Editor’s note: This guest post by Xin Jin (The Johns Hopkins University) describes a next-generation in-network key-value cache implemented using P4. It is based on a paper orginally published at ACM SOSP ’17, the premier venue for systems research.
The emergence of P4 and programmable data planes enables new use cases, some of which go beyond traditional packet-processing to application-level functionality. This post presents NetCache, a next-generation cloud system built with P4 that shows how co-design of networks and distributed systems can lead to significant performance benefits.
What is NetCache?
NetCache is an in-network key-value cache that leverages the power and flexibility of programmable switches to cache query results and balance load for frequently-accessed items. Because switches are optimized for data input-output, they offer orders of magnitude better performance compared to storage servers, making them an ideal solution for load balancing and caching. While traditional caches usually require a high cache hit ratio (>90%) to absorb most queries, NetCache uses switches primarily for load-balancing, so it provides significant benefits even with a modest cache hit ratio (<50%). Specifically, NetCache provides high aggregate throughput and low latency, even under skewed and rapidly-changing workloads.
What is the problem?
Load balancing for performance guarantees. Key-value stores are a critical building block for large-scale Internet services. As such, they are expected to provide high performance guarantees and meet strict service level agreements (SLAs). Ideally, if the throughput of each storage node is T, a key-value store with N nodes should be able to guarantee an aggregate throughput of N*T. Moreover, if we assume that each node handles no more load than T, then query latency is also bounded. These performance guarantees make it easy for service providers to scale out a storage system to meet specific SLAs.

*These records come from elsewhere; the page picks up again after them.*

(* For any $k\in\mathbb{N}$, there exist simple connected graphs $G$ and $G'$ (each with at least one edge) such that $\mathrm{diam}(G)-\omega'(G)=k$ and $\omega'(G')-\mathrm{diam}(G')=k$.
   Context: For distinct $u_1,u_2\in V(G)$, an edge $e$ separates $u_1,u_2$ if $e$ lies on every shortest $(u_1,u_2)$-path in $G$. The auxiliary graph $H(G)$ has vertex set $E(G)$, and distinct edges $e_1,e_2$ are adjacent in $H(G)$ iff some pair of distinct vertices of $G$ is separated by both $e_1$ and $e_2$. $\omega'(G)$ denotes the clique number of $H(G)$, and $\mathrm{diam}(G)$ is the diameter of $G$. *)

theory Defs
  imports Main
begin

definition simple_graph :: "'a set \<Rightarrow> 'a set set \<Rightarrow> bool" where
  "simple_graph V E \<longleftrightarrow> finite V \<and> (\<forall>e\<in>E. \<exists>u v. u \<noteq> v \<and> u \<in> V \<and> v \<in> V \<and> e = {u, v})"

definition is_path :: "'a set \<Rightarrow> 'a set set \<Rightarrow> 'a list \<Rightarrow> bool" where
  "is_path V E p \<longleftrightarrow> p \<noteq> [] \<and> set p \<subseteq> V \<and> distinct p \<and>
     (\<forall>i. Suc i < length p \<longrightarrow> {p ! i, p ! Suc i} \<in> E)"

definition path_between :: "'a set \<Rightarrow> 'a set set \<Rightarrow> 'a \<Rightarrow> 'a \<Rightarrow> 'a list \<Rightarrow> bool" where
  "path_between V E u v p \<longleftrightarrow> is_path V E p \<and> hd p = u \<and> last p = v"

definition graph_connected :: "'a set \<Rightarrow> 'a set set \<Rightarrow> bool" where
  "graph_connected V E \<longleftrightarrow> (\<forall>u\<in>V. \<forall>v\<in>V. \<exists>p. path_between V E u v p)"

definition gdist :: "'a set \<Rightarrow> 'a set set \<Rightarrow> 'a \<Rightarrow> 'a \<Rightarrow> nat" where
  "gdist V E u v = (LEAST n. \<exists>p. path_between V E u v p \<and> length p = Suc n)"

Unfortunately, the skewed, dynamic nature of real-world workloads make it difficult to provide these guarantees in practice. Popular items are queried far more often than other items, leading to severe imbalances—some servers are over-utilized, other servers are under-utilized, throughput is reduced, and response times suffer due to long tail latencies.
Figure 1: Comparison of different caching approaches. NetCache caches data on programmable switches, which provide orders of magnitude more throughput than in-memory caches.
Load balancing with small, fast caches. Caching is an effective technique for addressing load imbalance (Figure 1). Using a theoretical analysis, one can prove that a cache only needs to store O(N log N) items to balance the load for a hash-partitioned key-value cluster with N storage nodes, regardless of the number of key-value items. As O(N log N) is relatively small, hot items can be replicated to all cache nodes in order to avoid circular load balancing issues in the caching layer. To handle skewed workloads, the caching layer must provide an aggregate throughput comparable to the storage layer. Given M caching nodes with per-node throughput T’, we need M >= N * T / T’. If T’ is close to T, then M would be close to N, which implies that we would need to build a caching layer with a similar number of nodes as the storage layer. This has (i) high cost, as it uses too many caching nodes, and (ii) high overhead, as M nodes must be modified for each cache update. Therefore, it requires T’ » T—i.e., orders of magnitude difference—to build a cost-effective, low-overhead caching layer.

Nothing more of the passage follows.